Another Cass Gilbert sketch, “Looking west from corner 5th ave + 42nd St”, from June 1917.

Based on the angle, he was standing on the northwestern corner of the intersection. The generally most interesting building nearby is the New York Public Library; the dark scribbles on the left most likely are meant to be the trees in Bryant Park, behind (west of) the library. What has obviously captured Gilbert’s attention is the skyscraper in the medium distance, which is 130 West 42nd Street, the Bush Tower. This was an office and showroom building associated with Bush Terminal in Brooklyn, a private freight-handling facility. The building is recognizable mostly through the deep light court on its east lot-line wall:

Bush Tower was one of the vaguely gothic skyscrapers inspired at least in part by Gilbert’s work, particularly his designs for the Woolworth Building and 90 West Street. That may be what inspired him to sketch it, standing in the street. Given how many random little sketches like this there are in the Library of Congress collection, drawing what he saw while walking around seems pretty clearly to have been part of his design process.

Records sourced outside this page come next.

(* Let $k=6$, $p\in\mathbb{S}^n$ ($n\ge2$), $R\in(0,\pi/2)$, $B_R=\{q:\mathbf{d}_p(q)\le R\}$, $y\in\partial B_R$, and $\gamma:[R,\pi]\to\mathbb{S}^n$ the unit-speed minimizing geodesic from $y$ to $-p$ with $\mathbf{d}_p(\gamma(s))=s$. Let $h,f_1,f_2$ be smooth functions on $(R,\pi)$. Then the identity \[-15\sin R\,\langle\Psi_{\gamma(s)},\nabla\mathbf{d}_p\rangle\big|_x\,h(s)-3\cos R\,h(s)=\frac{d}{ds}\sum_{i=1}^2\frac{f_i(s)\sin^4s}{(1-\cos\mathbf{d}_x(\gamma(s)))^i}\] holding for all $x\in\partial B_R\setminus\{y\}$ and $s\in(R,\pi)$ is equivalent to the conditions that $h(s)=f_2(s)\sin^3s$ and $\boldsymbol f=(f_1,f_2)$ solves the system $\boldsymbol f'=A\boldsymbol f$, where \[A=\frac{1}{\sin s}\begin{pmatrix}-3\cos s&3\cos s\\ \cos R-\cos s&\cos s-\cos R\end{pmatrix}.\]
   Context: $\mathbb{S}^n$ is the unit round sphere with Levi-Civita connection $\nabla$; $\mathbf{d}_q$ is geodesic distance from $q$. With $k=6$: $I_k(r)=\int_0^r\sin^{k-1}s\,ds$, $\varphi(t)=I_k(t)\sin^{1-k}t$ for $t\in(0,\pi)$, $\varphi(0)=0$, $\Phi_q=(\varphi\circ\mathbf{d}_q)\nabla\mathbf{d}_q$ on $\mathbb{S}^n\setminus\{-q\}$, and $\Psi_q:=\Phi_{-q}$ on $\mathbb{S}^n\setminus\{q\}$. *)

theory Defs
  imports "HOL-Analysis.Analysis"
begin

text \<open>The unit sphere S^n is modelled as sphere 0 1 in a Euclidean space 'a
  with DIM('a) = n+1.\<close>

definition sdist :: "'a::euclidean_space \<Rightarrow> 'a \<Rightarrow> real" where
  "sdist q x = arccos (q \<bullet> x)"

text \<open>Riemannian gradient of d_q at x (for x different from q and -q): the
  tangential projection of the Euclidean gradient of arccos (q . x), i.e.
  -(q - (q . x) x) / sin (d_q x).\<close>
definition grad_d :: "'a::euclidean_space \<Rightarrow> 'a \<Rightarrow> 'a" where
  "grad_d q x = (- 1 / sin (sdist q x)) *\<^sub>R (q - (q \<bullet> x) *\<^sub>R x)"

definition I6 :: "real \<Rightarrow> real" where
  "I6 r = integral {0..r} (\<lambda>s. sin s ^ 5)"

definition phi6 :: "real \<Rightarrow> real" where
  "phi6 t = (if t = 0 then 0 else I6 t / sin t ^ 5)"

text \<open>Phi_q = (phi o d_q) grad d_q on S^n minus {-q}; at x = q it is 0 since phi 0 = 0.\<close>
definition Phi6 :: "'a::euclidean_space \<Rightarrow> 'a \<Rightarrow> 'a" where
  "Phi6 q x = (if sdist q x = 0 then 0 else phi6 (sdist q x) *\<^sub>R grad_d q x)"

definition Psi6 :: "'a::euclidean_space \<Rightarrow> 'a \<Rightarrow> 'a" where
  "Psi6 q x = Phi6 (- q) x"

definition smooth_on :: "real set \<Rightarrow> (real \<Rightarrow> real) \<Rightarrow> bool" where
  "smooth_on S f \<longleftrightarrow>
     (\<forall>k. \<forall>x\<in>S. ((deriv ^^ k) f has_real_derivative (deriv ^^ Suc k) f x) (at x))"

end

theory Submission
  imports Defs
begin

(* Since d_p(gamma s) = s and gamma is a unit-speed geodesic from y, gamma(t) = cos t p + sin t e
   with e a unit vector orthogonal to p.  For x on the boundary sphere put c = x . gamma(s)
   = cos d_x(gamma s).  The closed form 15 I_6(u) = (1 - cos u)^3 (8 + 9 cos u + 3 cos^2 u)
   turns the left-hand side of the identity into a rational function of c with denominator
   (1 - c)^3, and so is the derivative on the right, because sin s (d/ds) c = cos s c - cos R.
   Clearing denominators, the identity at (x, s) says that a quadratic polynomial in c vanishes.
   When n >= 2, c takes at least three values as x runs through the boundary minus y, so the
   identity holds for all such x iff the polynomial vanishes identically;
   evaluating it at c = 1, 0, -1 gives h = f_2 sin^3 and the linear system f' = A f. *)

lemma inner_unit_bounds:
  fixes q x :: "'a::euclidean_space"
  assumes "norm q = 1" "norm x = 1"
  shows "-1 \<le> q \<bullet> x" "q \<bullet> x \<le> 1"
  using Cauchy_Schwarz_ineq2[of q x] assms by (auto simp: abs_le_iff)

lemma cos_sdist:
  fixes q x :: "'a::euclidean_space"
  assumes "norm q = 1" "norm x = 1"
  shows "cos (sdist q x) = q \<bullet> x"
  using inner_unit_bounds[OF assms] by (simp add: sdist_def cos_arccos)

lemma sdist_eq_iff_inner:
  fixes q x :: "'a::euclidean_space"
  assumes "norm q = 1" "norm x = 1" "0 \<le> r" "r \<le> pi"
  shows "sdist q x = r \<longleftrightarrow> q \<bullet> x = cos r"
  using inner_unit_bounds[OF assms(1,2)] assms(3,4)
  by (auto simp: sdist_def cos_arccos arccos_cos)

lemma unit_inner_eq_1_imp_eq:
  fixes x z :: "'a::real_inner"
  assumes "norm x = 1" "norm z = 1" "x \<bullet> z = 1"
  shows "x = z"
proof -
  have "(x - z) \<bullet> (x - z) = 0"
    using assms by (simp add: norm_eq_1 inner_diff_left inner_diff_right inner_commute)
  then show ?thesis
    by simp
qed

lemma exists_unit_orthogonal_to_two:
  fixes u v :: "'a::euclidean_space"
  assumes "DIM('a) \<ge> 3"
  obtains z where "norm z = 1" "u \<bullet> z = 0" "v \<bullet> z = 0"
proof -
  have "dim {u, v} \<le> card {u, v}"
    by (rule dim_le_card') simp
  also have "\<dots> \<le> 2"
    by (simp add: card_insert_le_m1)
  also have "\<dots> < DIM('a)"
    using assms by simp
  finally obtain z where "z \<noteq> 0" "\<And>w. w \<in> span {u, v} \<Longrightarrow> orthogonal z w"
    using orthogonal_to_subspace_exists by blast
  then show thesis
    by (intro that[of "z /\<^sub>R norm z"]) (auto simp: orthogonal_def span_base inner_commute)
qed

lemma exists_unit_with_inner_orthonormal:
  fixes p e :: "'a::euclidean_space"
  assumes "DIM('a) \<ge> 3" "norm p = 1" "norm e = 1" "p \<bullet> e = 0" "a\<^sup>2 + b\<^sup>2 \<le> 1"
  obtains x where "norm x = 1" "p \<bullet> x = a" "e \<bullet> x = b"
proof -
  obtain z where z: "norm z = 1" "p \<bullet> z = 0" "e \<bullet> z = 0"
    using exists_unit_orthogonal_to_two assms(1) by blast
  define x where "x = a *\<^sub>R p + b *\<^sub>R e + sqrt (1 - a\<^sup>2 - b\<^sup>2) *\<^sub>R z"
  have "x \<bullet> x = a\<^sup>2 + b\<^sup>2 + (sqrt (1 - a\<^sup>2 - b\<^sup>2))\<^sup>2"
    using assms(2-4) z unfolding x_def
    by (simp add: norm_eq_1 inner_add_left inner_add_right inner_commute power2_eq_square)
  with assms(5) have "norm x = 1"
    by (simp add: norm_eq_1)
  moreover have "p \<bullet> x = a" "e \<bullet> x = b"
    using assms(2-4) z unfolding x_def
    by (simp_all add: norm_eq_1 inner_add_right inner_commute)
  ultimately show thesis
    by (rule that)
qed

lemma geodesic_eq_cos_sin:
  fixes p :: "'a::euclidean_space" and \<gamma> :: "real \<Rightarrow> 'a"
  assumes p: "norm p = 1" and R: "0 < R" "R < pi"
    and \<gamma>_sphere: "\<gamma> ` {R..pi} \<subseteq> sphere 0 1"
    and \<gamma>_geod: "\<forall>s\<in>{R..pi}. \<forall>t\<in>{R..pi}. sdist (\<gamma> s) (\<gamma> t) = \<bar>s - t\<bar>"
    and \<gamma>_dist: "\<forall>s\<in>{R..pi}. sdist p (\<gamma> s) = s"
  obtains e where "norm e = 1" "p \<bullet> e = 0" "\<forall>t\<in>{R..pi}. \<gamma> t = cos t *\<^sub>R p + sin t *\<^sub>R e"
proof
  have unit: "norm (\<gamma> t) = 1" if "t \<in> {R..pi}" for t
    using \<gamma>_sphere that by (auto simp: image_subset_iff)
  have p_\<gamma>: "p \<bullet> \<gamma> t = cos t" if "t \<in> {R..pi}" for t
    using sdist_eq_iff_inner[OF p unit[OF that], of t] \<gamma>_dist that R by auto
  have "sin R > 0"
    using R by (simp add: sin_gt_zero)
  define e where "e = (1 / sin R) *\<^sub>R (\<gamma> R - cos R *\<^sub>R p)"
  have "R \<in> {R..pi}"
    using R by simp
  have e_\<gamma>: "e \<bullet> \<gamma> t = sin t" if "t \<in> {R..pi}" for t
  proof -
    have "sdist (\<gamma> R) (\<gamma> t) = t - R"
      using \<gamma>_geod that R by fastforce
    then have "\<gamma> R \<bullet> \<gamma> t = cos (t - R)"
      using sdist_eq_iff_inner[OF unit[OF \<open>R \<in> {R..pi}\<close>] unit[OF that], of "t - R"] that R by simp
    then show ?thesis
      using p_\<gamma>[OF that] \<open>sin R > 0\<close>
      by (simp add: e_def inner_diff_left cos_diff field_simps)
  qed
  show "p \<bullet> e = 0"
    using p p_\<gamma>[OF \<open>R \<in> {R..pi}\<close>] by (simp add: e_def inner_diff_right norm_eq_1 inner_commute)
  moreover have "e \<bullet> e = 1"
  proof -
    have "e \<bullet> e = (1 / sin R) * ((\<gamma> R - cos R *\<^sub>R p) \<bullet> e)"
      by (subst (1) e_def) (simp only: inner_scaleR_left)
    then show ?thesis
      using e_\<gamma>[OF \<open>R \<in> {R..pi}\<close>] \<open>p \<bullet> e = 0\<close> \<open>sin R > 0\<close>
      by (simp add: inner_diff_left inner_diff_right inner_commute)
  qed
  then show "norm e = 1"
    by (simp add: norm_eq_1)
  show "\<forall>t\<in>{R..pi}. \<gamma> t = cos t *\<^sub>R p + sin t *\<^sub>R e"
  proof
    fix t assume t: "t \<in> {R..pi}"
    have "(\<gamma> t - (cos t *\<^sub>R p + sin t *\<^sub>R e)) \<bullet> (\<gamma> t - (cos t *\<^sub>R p + sin t *\<^sub>R e))
        = 1 - ((cos t)\<^sup>2 + (sin t)\<^sup>2)"
      using unit[OF t] p_\<gamma>[OF t] e_\<gamma>[OF t] p \<open>p \<bullet> e = 0\<close> \<open>e \<bullet> e = 1\<close>
      by (simp add: norm_eq_1 inner_diff_left inner_diff_right inner_add_left inner_add_right
          inner_commute power2_eq_square algebra_simps)
    then show "\<gamma> t = cos t *\<^sub>R p + sin t *\<^sub>R e"
      by simp
  qed
qed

But ultimately I’m less interested in Bush Tower and Gilbert’s impression of Bush Tower than am in this sketch. He used a blunt line – probably just a soft pencil – and made little effort to capture detail of the building, but as soon as I saw the sketch I knew which building it was, as clearly as if he had taken a photograph. I’m impressed by this in part because I can’t do it. I can make an engineering diagram – a load-path sketch, for example – just fine and I can draft in CAD. My handwriting has deteriorated because I’ve almost entirely switched from writing to typing, but my sketch line-work is okay. But I can’t draw any better than the average random person on the street, so his ability to so readily capture the essence of a building floors me.